É muito difícil. Os políticos, por causa da natureza da política, focam-se normalmente nas questões de curto prazo. É isso que lhes dá votos. Não se pode culpar apenas os políticos, porque na verdade é isso que os eleitores querem. Querem melhorias de curto prazo nas suas vidas. Por isso, é muito difícil que as pessoas aceitem a dor que é necessária para ter benefícios a longo prazo.
À medida que a população envelhece será ainda mais difícil fazer essas reformas, porque a maioria dos eleitores não quererá sofrer com a mudança?

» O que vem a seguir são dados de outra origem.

lemma Bernstein_stage:
  fixes \<phi> :: "'p \<Rightarrow> 'x \<Rightarrow> 'y" and S :: "'p \<Rightarrow> 'y set"
  assumes "infinite P" and "U \<subseteq> P" and "|U| <o |P|" and "|P| \<le>o |S p|"
    and not_covered: "\<And>Q Z. Q \<subseteq> P \<Longrightarrow> |Q| <o |P| \<Longrightarrow> |Z| <o |P| \<Longrightarrow>
           \<not> {x\<in>X. \<phi> p x \<in> S p} \<subseteq> (\<Union>q\<in>Q. {x\<in>X. \<phi> q x \<in> Z})"
  shows "\<exists>x b. x \<in> X \<and> \<phi> p x \<in> S p \<and> (\<forall>q\<in>U. \<phi> q x \<noteq> c q) \<and>
           b \<in> S p \<and> b \<noteq> \<phi> p x \<and> (\<forall>q\<in>U. \<phi> p (d q) \<noteq> b)"
proof -
  have "\<not> {x\<in>X. \<phi> p x \<in> S p} \<subseteq> (\<Union>q\<in>U. {x\<in>X. \<phi> q x \<in> c ` U})"
    using not_covered assms(2,3) ordLeq_ordLess_trans[OF card_of_image] by blast
  then obtain x where x: "x \<in> X" "\<phi> p x \<in> S p" "\<forall>q\<in>U. \<phi> q x \<noteq> c q"
    by blast
  have "|{\<phi> p x}| <o |P|"
    by (rule finite_ordLess_infinite[OF card_of_Well_order card_of_Well_order])
      (simp_all add: Field_card_of \<open>infinite P\<close>)
  moreover have "|(\<lambda>q. \<phi> p (d q)) ` U| <o |P|"
    using ordLeq_ordLess_trans[OF card_of_image assms(3)] .
  ultimately have "|{\<phi> p x} \<union> (\<lambda>q. \<phi> p (d q)) ` U| <o |P|"
    by (rule card_of_Un_ordLess_infinite[OF \<open>infinite P\<close>])
  then have "\<not> S p \<subseteq> {\<phi> p x} \<union> (\<lambda>q. \<phi> p (d q)) ` U"
    using \<open>|P| \<le>o |S p|\<close> card_of_mono1 not_ordLess_ordLeq ordLeq_ordLess_trans by blast
  with x show ?thesis
    by blast
qed

lemma exists_Bernstein_set:
  fixes \<phi> :: "'p \<Rightarrow> 'x \<Rightarrow> 'y" and S :: "'p \<Rightarrow> 'y set"
  assumes "infinite P"
    and large: "\<And>p. p \<in> P \<Longrightarrow> |P| \<le>o |S p|"
    and not_covered: "\<And>p Q Z. p \<in> P \<Longrightarrow> Q \<subseteq> P \<Longrightarrow> |Q| <o |P| \<Longrightarrow> |Z| <o |P| \<Longrightarrow>
           \<not> {x\<in>X. \<phi> p x \<in> S p} \<subseteq> (\<Union>q\<in>Q. {x\<in>X. \<phi> q x \<in> Z})"
  shows "\<exists>A\<subseteq>X. \<forall>p\<in>P. \<phi> p ` A \<inter> S p \<noteq> {} \<and> S p - \<phi> p ` A \<noteq> {}"
proof -
  define r where "r = |P|"
  have "Well_order r" and field_r: "Field r = P"
    unfolding r_def by (rule card_of_Well_order, rule Field_card_of)
  then have "wf (r - Id)"
    by (simp add: well_order_on_def)
  have total: "p = q \<or> q \<in> underS r p \<or> p \<in> underS r q" if "p \<in> P" "q \<in> P" for p q
    using \<open>Well_order r\<close> that field_r
    unfolding well_order_on_def linear_order_on_def total_on_def underS_def by blast
  have underS_subset: "underS r p \<subseteq> P" for p
    using field_r unfolding underS_def Field_def by blast
  have underS_small: "|underS r p| <o |P|" if "p \<in> P" for p
    using card_of_underS[OF card_of_Card_order, of p P] that unfolding r_def by (simp add: Field_card_of)
  (* Stage p chooses v = (x, b): x is put into A, b is kept out of \<phi> p ` A. *)
  define stage where "stage p g v \<longleftrightarrow>
      fst v \<in> X \<and> \<phi> p (fst v) \<in> S p \<and> (\<forall>q\<in>underS r p. \<phi> q (fst v) \<noteq> snd (g q)) \<and>
      snd v \<in> S p \<and> snd v \<noteq> \<phi> p (fst v) \<and> (\<forall>q\<in>underS r p. \<phi> p (fst (g q)) \<noteq> snd v)"
    for p and g :: "'p \<Rightarrow> 'x \<times> 'y" and v
  have "\<exists>v. stage p g v" if "p \<in> P" for p g
    using Bernstein_stage[where \<phi> = \<phi> and S = S and p = p and c = "\<lambda>q. snd (g q)" and d = "\<lambda>q. fst (g q)",
        OF \<open>infinite P\<close> underS_subset underS_small[OF that] large[OF that] not_covered[OF that]]
    unfolding stage_def by auto
  moreover have "stage p g' v" if "\<And>q. (q, p) \<in> r - Id \<Longrightarrow> g q = g' q" "stage p g v" for p g g' v
    using that unfolding stage_def underS_def by auto
  ultimately obtain val where val: "\<forall>p\<in>P. stage p val (val p)"
    using wf_rec_choice[OF \<open>wf (r - Id)\<close>] by metis
  define A where "A = (\<lambda>p. fst (val p)) ` P"
  have "\<phi> p ` A \<inter> S p \<noteq> {} \<and> S p - \<phi> p ` A \<noteq> {}" if p: "p \<in> P" for p
  proof
    show "\<phi> p ` A \<inter> S p \<noteq> {}"
      using val p unfolding A_def stage_def by blast
    have "snd (val p) \<noteq> \<phi> p (fst (val q))" if "q \<in> P" for q
      using total[OF p that] val p that unfolding stage_def by metis
    then show "S p - \<phi> p ` A \<noteq> {}"
      using val p unfolding A_def stage_def by blast
  qed
  moreover have "A \<subseteq> X"
    using val unfolding A_def stage_def by blast
  ultimately show ?thesis by blast
qed

lemma sigma_algebra_Borel_sets: "sigma_algebra (topspace T) (Borel_sets T)"
  unfolding Borel_sets_def by (rule sigma_algebra_sigma_sets) (auto dest: openin_subset)

lemma Borel_sets_subset_topspace: "B \<in> Borel_sets T \<Longrightarrow> B \<subseteq> topspace T"
  unfolding Borel_sets_def by (rule sigma_sets_into_sp) (auto dest: openin_subset)

lemma closedin_in_Borel_sets:
  assumes "closedin T C"
  shows "C \<in> Borel_sets T"
proof -
  have "topspace T - (topspace T - C) \<in> Borel_sets T"
    using assms unfolding Borel_sets_def closedin_def by (blast intro: sigma_sets.Compl)
  then show ?thesis
    using closedin_subset[OF assms] by (simp add: double_diff)
qed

Sem dúvida. Esse é um grande problema neste momento. Por outro lado, as projeções demográficas a muito longo prazo são difíceis e questionáveis. Na Irlanda, estamos a prever que passaremos de cinco trabalhadores por cada pensionista para dois ou um dentro de 30 anos. É questionável que seja possível ter uma economia funcional com esse rácio. Teremos de garantir que temos mais pessoas em idade ativa, seja encorajando a imigração ou através de outras medidas. Ou talvez os avanços tecnológicos venham a permitir que a economia funcione com menos trabalhadores.
Temos a tendência de olhar para as pensões como um tema isolado, mas não podemos. Se tivermos uma população mais envelhecida e uma população jovem mais pequena, as despesas com educação serão muito menores. É preciso olhar para a questão de forma holística.
O cenário poderá não ser assim tão mau.
É difícil antecipar, mas sim, pode não ser tão mau e as pessoas podem encontrar outras formas. Também está a tornar-se cada vez mais comum as pessoas continuarem a trabalhar após a reforma ou terem trabalhos em regime de part-time. Também podem ter outras poupanças. Não têm forçosamente de depender apenas da pensão.
Acho que é muito importante levar as pessoas a pouparem o mais cedo possível, assim que começam a trabalhar.
Há muitas dinâmicas, mas ainda assim é preciso agir desde já.
Há imensas dinâmicas que são difíceis de prever, mas ao mesmo tempo não podemos usar isso como uma desculpa para não fazer nada. É preciso ter um plano para o futuro.
E considera que a Europa está a fazer corretamente esse planeamento?
Acho que há consciência de que deveriam estar a fazê-lo, mas também a consciência de quão difícil é fazê-lo.
A tendência será, de qualquer forma, para as taxas de substituição do último salário serem mais baixas.
É provável, em particular nos países onde as taxas de substituição são muito elevadas neste momento. Sobretudo se forem pensões do Estado, torna-se mais difícil de sustentar.
O que seria um sistema de pensões ideal?
O mais importante é ter um bom equilíbrio entre um sistema público, com um nível adequado de pensões e que seja sustentável, com um sistema privado. Além disso, acho que é muito importante levar as pessoas a pouparem o mais cedo possível, assim que começam a trabalhar.